*** Block opens ***

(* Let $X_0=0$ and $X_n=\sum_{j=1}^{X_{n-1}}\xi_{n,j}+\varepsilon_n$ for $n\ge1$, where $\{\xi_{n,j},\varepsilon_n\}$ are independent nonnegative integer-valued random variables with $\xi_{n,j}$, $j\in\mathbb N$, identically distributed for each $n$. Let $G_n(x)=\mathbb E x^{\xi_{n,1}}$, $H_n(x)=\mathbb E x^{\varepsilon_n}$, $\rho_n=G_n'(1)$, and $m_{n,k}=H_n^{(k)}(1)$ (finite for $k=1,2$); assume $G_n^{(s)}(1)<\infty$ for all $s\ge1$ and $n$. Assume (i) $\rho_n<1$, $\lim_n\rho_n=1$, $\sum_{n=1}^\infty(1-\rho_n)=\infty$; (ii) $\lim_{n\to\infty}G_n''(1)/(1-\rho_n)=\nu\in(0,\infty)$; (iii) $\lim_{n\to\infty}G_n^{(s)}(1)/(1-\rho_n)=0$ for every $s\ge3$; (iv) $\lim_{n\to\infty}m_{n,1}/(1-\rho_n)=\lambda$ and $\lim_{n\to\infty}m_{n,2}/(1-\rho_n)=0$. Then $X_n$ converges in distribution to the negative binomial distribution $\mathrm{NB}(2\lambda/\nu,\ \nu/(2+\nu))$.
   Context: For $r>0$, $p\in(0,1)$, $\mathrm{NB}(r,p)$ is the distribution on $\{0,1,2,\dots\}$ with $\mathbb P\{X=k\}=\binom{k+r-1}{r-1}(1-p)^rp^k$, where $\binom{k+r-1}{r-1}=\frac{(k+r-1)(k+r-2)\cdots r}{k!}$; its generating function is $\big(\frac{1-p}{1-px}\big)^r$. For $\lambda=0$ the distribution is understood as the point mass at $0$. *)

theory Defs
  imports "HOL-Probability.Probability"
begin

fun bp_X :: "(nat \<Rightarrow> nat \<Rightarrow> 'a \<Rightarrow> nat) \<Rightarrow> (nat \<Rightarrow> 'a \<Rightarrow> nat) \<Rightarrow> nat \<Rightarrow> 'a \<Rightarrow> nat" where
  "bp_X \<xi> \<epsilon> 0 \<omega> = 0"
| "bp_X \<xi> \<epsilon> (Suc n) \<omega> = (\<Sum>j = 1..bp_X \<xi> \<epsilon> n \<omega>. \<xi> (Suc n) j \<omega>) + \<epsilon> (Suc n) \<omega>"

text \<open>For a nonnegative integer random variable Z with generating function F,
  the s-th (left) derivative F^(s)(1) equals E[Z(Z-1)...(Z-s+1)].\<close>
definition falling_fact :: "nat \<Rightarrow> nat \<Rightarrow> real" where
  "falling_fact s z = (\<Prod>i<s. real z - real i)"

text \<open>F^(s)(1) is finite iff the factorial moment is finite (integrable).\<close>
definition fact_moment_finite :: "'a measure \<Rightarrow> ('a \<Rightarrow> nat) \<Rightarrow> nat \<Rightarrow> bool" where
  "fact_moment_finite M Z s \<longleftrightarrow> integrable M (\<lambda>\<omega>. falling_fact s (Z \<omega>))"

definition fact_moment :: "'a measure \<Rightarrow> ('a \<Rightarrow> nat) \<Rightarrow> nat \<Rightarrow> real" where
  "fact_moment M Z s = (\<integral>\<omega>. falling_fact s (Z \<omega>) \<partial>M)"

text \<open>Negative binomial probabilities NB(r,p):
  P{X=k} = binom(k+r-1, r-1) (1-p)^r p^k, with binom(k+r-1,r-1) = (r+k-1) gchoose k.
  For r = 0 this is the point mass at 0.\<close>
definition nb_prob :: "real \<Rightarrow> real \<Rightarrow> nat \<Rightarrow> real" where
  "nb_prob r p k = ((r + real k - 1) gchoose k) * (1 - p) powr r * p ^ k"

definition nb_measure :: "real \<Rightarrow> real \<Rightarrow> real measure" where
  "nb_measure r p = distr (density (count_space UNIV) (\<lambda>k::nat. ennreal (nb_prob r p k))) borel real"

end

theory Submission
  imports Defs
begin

*** Block closes ***
*** Block opens ***

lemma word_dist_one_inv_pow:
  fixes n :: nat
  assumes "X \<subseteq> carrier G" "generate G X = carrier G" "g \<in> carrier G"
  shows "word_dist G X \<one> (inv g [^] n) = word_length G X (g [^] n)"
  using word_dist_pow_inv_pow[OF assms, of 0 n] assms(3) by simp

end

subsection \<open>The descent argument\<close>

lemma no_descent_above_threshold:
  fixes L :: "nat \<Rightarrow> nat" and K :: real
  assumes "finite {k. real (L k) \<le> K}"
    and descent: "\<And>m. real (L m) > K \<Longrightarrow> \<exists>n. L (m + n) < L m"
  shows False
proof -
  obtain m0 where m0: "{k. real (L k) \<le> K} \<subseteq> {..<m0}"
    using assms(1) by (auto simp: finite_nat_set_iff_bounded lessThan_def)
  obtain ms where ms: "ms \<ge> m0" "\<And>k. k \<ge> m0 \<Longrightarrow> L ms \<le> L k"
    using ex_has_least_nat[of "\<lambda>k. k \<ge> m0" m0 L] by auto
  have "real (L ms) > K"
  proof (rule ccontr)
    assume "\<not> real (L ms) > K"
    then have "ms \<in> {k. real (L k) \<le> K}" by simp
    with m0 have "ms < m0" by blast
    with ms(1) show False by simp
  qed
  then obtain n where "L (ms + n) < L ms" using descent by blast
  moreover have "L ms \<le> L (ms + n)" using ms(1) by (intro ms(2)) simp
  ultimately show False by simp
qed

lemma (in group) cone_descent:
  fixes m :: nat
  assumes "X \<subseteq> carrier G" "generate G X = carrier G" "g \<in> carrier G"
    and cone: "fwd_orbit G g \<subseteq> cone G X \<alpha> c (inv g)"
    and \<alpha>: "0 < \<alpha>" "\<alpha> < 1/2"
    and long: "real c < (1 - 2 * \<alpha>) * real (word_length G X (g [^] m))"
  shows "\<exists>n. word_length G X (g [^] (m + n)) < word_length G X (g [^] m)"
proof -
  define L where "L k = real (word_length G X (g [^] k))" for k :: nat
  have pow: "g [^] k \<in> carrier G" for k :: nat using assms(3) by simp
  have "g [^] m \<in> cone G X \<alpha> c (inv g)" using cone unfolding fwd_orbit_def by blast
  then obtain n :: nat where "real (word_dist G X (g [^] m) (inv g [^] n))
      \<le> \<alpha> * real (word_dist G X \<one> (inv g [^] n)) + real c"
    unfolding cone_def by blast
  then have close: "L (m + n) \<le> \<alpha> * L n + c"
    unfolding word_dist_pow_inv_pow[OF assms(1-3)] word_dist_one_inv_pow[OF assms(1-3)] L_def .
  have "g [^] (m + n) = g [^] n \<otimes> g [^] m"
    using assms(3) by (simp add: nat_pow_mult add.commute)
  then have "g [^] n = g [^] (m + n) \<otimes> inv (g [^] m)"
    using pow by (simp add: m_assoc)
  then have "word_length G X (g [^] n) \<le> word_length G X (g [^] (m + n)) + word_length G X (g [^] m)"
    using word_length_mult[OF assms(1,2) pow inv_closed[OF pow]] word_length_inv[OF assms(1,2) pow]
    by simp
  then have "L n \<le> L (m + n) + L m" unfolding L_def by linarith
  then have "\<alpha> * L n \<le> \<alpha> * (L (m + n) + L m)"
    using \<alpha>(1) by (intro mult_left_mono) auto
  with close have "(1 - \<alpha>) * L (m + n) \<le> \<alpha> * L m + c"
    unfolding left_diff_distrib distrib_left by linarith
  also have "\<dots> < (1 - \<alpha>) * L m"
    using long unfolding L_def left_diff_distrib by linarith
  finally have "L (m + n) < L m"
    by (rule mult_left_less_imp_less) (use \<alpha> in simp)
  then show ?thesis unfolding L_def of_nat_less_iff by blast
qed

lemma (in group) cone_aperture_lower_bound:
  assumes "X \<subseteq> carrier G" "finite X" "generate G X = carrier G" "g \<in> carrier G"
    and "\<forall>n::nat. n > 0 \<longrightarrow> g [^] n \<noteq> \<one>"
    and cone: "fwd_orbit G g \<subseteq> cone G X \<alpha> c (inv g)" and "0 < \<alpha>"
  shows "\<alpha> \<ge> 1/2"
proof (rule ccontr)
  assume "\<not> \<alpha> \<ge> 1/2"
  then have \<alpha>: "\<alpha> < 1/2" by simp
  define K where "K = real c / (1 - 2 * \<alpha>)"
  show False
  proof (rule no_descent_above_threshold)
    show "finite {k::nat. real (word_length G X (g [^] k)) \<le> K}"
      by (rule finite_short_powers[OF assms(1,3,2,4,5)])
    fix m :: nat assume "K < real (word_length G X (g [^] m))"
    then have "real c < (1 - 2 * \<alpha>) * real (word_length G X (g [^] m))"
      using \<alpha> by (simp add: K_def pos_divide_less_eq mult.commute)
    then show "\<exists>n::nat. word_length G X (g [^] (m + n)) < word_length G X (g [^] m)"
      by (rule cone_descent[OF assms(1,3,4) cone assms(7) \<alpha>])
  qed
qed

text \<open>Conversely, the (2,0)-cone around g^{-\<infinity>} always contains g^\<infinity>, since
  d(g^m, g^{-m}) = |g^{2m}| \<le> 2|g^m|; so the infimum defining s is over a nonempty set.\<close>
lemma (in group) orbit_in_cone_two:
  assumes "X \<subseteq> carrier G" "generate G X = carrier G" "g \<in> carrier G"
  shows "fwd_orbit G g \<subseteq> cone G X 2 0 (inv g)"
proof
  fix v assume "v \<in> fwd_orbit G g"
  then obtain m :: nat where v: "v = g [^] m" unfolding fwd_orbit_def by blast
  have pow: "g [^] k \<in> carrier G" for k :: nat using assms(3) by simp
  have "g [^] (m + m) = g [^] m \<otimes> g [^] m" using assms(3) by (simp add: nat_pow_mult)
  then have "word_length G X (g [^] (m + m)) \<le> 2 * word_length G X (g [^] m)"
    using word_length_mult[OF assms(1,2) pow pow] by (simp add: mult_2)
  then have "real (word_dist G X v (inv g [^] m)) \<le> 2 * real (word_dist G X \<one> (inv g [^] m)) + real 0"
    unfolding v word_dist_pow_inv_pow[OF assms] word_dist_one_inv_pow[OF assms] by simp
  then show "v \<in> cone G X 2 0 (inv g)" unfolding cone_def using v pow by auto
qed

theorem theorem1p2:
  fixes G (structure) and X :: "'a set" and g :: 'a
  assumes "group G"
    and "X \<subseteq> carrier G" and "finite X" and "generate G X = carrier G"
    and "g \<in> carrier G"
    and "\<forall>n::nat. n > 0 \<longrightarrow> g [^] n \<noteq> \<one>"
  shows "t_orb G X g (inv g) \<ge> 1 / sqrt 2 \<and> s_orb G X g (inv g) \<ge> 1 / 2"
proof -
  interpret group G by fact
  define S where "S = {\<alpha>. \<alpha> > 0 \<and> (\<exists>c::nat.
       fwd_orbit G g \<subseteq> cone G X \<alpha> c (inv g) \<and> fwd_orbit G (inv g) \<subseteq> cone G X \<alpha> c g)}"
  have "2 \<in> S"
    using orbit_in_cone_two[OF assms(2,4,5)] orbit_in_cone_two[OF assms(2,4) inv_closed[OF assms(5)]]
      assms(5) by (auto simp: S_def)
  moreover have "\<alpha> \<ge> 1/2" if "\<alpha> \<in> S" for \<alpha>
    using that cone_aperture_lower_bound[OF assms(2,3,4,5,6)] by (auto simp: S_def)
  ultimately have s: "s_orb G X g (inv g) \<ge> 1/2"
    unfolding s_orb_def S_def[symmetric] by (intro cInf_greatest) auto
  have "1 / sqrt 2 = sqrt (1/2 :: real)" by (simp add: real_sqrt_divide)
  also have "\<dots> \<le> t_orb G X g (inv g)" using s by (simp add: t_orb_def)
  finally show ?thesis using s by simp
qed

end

*** Block closes ***
*** Block opens ***

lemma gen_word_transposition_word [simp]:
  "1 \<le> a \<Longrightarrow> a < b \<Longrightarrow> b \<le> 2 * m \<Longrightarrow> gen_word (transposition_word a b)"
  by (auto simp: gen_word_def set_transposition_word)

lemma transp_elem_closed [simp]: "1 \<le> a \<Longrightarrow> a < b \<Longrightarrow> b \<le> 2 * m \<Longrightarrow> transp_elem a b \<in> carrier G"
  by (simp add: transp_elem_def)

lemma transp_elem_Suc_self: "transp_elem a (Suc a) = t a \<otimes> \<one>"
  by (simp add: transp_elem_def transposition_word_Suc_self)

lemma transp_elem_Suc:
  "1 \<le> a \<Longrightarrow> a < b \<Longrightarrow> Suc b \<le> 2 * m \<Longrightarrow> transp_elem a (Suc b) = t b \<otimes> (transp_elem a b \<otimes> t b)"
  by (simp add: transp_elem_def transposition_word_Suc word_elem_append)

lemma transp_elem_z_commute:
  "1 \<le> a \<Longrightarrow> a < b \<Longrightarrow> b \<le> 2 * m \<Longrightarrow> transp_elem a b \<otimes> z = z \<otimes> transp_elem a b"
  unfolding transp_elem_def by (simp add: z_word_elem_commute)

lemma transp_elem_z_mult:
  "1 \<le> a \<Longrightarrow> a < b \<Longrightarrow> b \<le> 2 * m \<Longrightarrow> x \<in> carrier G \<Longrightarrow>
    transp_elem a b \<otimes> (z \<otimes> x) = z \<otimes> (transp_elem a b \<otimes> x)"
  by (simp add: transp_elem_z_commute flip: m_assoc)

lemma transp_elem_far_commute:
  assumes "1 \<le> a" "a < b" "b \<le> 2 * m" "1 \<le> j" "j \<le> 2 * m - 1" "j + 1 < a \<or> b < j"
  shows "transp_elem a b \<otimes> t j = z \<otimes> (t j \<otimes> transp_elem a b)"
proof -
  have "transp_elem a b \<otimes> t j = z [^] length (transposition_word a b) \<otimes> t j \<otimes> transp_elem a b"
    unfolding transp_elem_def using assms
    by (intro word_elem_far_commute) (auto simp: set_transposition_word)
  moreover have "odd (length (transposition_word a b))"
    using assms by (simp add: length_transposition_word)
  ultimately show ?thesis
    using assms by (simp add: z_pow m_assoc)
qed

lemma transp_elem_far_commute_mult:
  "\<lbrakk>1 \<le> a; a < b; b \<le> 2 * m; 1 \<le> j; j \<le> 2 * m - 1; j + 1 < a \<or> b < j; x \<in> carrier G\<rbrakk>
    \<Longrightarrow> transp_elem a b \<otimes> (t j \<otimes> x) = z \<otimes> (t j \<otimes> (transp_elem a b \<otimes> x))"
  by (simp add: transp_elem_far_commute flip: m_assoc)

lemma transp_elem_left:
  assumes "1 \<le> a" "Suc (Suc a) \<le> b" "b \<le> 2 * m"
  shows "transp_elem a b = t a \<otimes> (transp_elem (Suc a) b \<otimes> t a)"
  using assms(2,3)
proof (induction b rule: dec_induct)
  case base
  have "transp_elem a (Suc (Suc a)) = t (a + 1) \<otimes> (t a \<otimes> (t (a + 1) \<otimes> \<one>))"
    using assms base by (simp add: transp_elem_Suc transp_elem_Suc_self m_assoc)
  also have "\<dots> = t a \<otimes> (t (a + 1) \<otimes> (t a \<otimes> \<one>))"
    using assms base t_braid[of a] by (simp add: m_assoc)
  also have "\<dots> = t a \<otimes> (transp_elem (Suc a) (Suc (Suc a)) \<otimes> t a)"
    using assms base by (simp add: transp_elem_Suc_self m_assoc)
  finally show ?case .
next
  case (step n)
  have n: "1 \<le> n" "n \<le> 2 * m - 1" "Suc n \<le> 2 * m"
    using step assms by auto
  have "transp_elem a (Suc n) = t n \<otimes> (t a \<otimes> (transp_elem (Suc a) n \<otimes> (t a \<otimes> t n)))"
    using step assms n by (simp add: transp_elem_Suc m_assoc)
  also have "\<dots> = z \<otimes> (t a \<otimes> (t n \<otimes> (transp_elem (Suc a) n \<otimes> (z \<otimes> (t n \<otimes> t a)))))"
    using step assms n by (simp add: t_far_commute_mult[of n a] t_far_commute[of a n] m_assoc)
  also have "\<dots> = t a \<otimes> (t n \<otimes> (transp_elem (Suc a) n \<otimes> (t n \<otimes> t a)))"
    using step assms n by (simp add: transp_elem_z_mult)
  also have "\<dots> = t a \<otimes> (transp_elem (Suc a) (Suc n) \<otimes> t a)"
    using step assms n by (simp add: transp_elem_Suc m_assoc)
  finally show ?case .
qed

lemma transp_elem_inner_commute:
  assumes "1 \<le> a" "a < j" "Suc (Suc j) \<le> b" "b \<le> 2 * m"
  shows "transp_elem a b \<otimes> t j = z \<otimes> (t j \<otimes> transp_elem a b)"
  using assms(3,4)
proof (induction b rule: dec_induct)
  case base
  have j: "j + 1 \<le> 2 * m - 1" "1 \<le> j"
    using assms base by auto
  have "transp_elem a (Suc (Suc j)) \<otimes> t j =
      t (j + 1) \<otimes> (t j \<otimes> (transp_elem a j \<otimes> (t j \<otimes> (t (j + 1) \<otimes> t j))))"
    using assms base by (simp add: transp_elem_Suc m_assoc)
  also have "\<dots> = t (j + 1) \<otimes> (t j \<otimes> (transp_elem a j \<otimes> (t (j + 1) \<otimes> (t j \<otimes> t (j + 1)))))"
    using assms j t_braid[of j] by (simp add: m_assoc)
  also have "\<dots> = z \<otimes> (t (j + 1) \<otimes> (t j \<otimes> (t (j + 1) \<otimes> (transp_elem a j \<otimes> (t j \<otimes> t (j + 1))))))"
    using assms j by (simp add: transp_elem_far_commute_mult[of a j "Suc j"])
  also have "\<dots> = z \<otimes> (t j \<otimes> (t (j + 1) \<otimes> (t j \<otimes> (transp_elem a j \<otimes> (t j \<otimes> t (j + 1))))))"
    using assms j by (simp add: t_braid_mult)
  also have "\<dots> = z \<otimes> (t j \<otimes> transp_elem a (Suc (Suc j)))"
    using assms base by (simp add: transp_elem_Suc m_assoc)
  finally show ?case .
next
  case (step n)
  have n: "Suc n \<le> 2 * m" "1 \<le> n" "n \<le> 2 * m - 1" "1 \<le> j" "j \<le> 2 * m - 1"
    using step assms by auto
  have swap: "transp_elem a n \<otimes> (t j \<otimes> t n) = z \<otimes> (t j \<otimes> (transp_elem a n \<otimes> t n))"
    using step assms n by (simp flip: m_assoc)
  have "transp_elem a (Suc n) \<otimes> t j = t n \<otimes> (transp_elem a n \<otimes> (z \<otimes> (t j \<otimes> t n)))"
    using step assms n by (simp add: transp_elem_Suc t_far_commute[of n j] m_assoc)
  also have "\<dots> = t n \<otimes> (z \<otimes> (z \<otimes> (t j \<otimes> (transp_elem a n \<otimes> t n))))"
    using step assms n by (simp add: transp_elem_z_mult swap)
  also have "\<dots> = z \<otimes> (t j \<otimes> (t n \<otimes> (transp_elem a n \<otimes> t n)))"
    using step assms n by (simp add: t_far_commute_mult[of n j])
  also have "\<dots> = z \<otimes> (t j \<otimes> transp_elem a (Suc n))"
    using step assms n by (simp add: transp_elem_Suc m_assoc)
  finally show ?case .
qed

*** Block closes ***

Where a line of the records holds the word "auto", copy that line.

    using assms(1) by (auto simp: finite_nat_set_iff_bounded lessThan_def)
    using ex_has_least_nat[of "\<lambda>k. k \<ge> m0" m0 L] by auto
    using \<alpha>(1) by (intro mult_left_mono) auto
  then show "v \<in> cone G X 2 0 (inv g)" unfolding cone_def using v pow by auto
      assms(5) by (auto simp: S_def)
    using that cone_aperture_lower_bound[OF assms(2,3,4,5,6)] by (auto simp: S_def)
    unfolding s_orb_def S_def[symmetric] by (intro cInf_greatest) auto
  by (auto simp: gen_word_def set_transposition_word)
    by (intro word_elem_far_commute) (auto simp: set_transposition_word)
    using step assms by auto
    using assms base by auto
    using step assms by auto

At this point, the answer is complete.